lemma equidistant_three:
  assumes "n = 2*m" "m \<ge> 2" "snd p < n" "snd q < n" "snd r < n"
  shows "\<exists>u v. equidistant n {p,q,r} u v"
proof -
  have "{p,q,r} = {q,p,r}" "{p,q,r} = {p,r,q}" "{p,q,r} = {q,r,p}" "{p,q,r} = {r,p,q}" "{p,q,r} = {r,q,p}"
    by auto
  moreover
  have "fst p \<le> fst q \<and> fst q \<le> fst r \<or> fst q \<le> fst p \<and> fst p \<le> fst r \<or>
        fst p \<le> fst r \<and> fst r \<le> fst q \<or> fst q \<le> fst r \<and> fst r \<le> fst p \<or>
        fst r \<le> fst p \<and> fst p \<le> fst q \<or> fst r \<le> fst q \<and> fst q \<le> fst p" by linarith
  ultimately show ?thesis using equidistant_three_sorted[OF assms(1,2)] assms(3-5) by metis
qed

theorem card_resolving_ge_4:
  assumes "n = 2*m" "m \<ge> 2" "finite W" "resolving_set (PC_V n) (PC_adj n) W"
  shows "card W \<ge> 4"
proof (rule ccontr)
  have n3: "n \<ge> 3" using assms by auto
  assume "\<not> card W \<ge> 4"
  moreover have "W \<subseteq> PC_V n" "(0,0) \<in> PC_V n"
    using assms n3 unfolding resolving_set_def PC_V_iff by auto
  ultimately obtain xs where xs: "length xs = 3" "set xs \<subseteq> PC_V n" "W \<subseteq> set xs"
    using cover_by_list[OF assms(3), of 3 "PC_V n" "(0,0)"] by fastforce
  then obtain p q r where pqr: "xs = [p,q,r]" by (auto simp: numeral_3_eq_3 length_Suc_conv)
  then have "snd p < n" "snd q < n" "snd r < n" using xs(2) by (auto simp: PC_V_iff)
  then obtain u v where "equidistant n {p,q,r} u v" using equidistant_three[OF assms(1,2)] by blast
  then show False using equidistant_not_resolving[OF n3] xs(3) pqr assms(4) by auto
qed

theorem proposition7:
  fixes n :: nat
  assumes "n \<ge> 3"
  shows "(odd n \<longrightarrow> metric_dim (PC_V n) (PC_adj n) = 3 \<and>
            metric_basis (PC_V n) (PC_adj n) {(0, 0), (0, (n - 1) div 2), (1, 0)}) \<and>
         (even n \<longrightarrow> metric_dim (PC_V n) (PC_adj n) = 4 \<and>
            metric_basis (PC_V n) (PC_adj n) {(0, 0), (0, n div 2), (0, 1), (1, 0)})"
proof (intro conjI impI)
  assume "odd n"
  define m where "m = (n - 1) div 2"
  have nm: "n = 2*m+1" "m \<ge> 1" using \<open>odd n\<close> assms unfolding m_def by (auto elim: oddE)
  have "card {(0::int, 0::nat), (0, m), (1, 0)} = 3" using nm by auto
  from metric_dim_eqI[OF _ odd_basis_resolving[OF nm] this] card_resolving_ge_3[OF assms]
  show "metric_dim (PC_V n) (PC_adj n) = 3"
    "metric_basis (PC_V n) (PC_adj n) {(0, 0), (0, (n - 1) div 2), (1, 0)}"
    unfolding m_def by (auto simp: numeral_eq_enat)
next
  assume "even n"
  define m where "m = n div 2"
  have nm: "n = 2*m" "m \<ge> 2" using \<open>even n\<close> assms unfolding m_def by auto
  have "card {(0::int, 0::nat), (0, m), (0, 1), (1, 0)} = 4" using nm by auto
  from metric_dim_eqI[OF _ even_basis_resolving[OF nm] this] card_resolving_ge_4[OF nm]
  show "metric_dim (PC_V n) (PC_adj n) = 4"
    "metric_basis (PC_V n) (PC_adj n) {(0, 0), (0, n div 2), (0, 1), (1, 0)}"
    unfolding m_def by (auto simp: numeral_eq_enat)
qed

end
==*==
Filter the data above, keeping only lines that include the string "proof".

proof -
proof (rule ccontr)
proof (intro conjI impI)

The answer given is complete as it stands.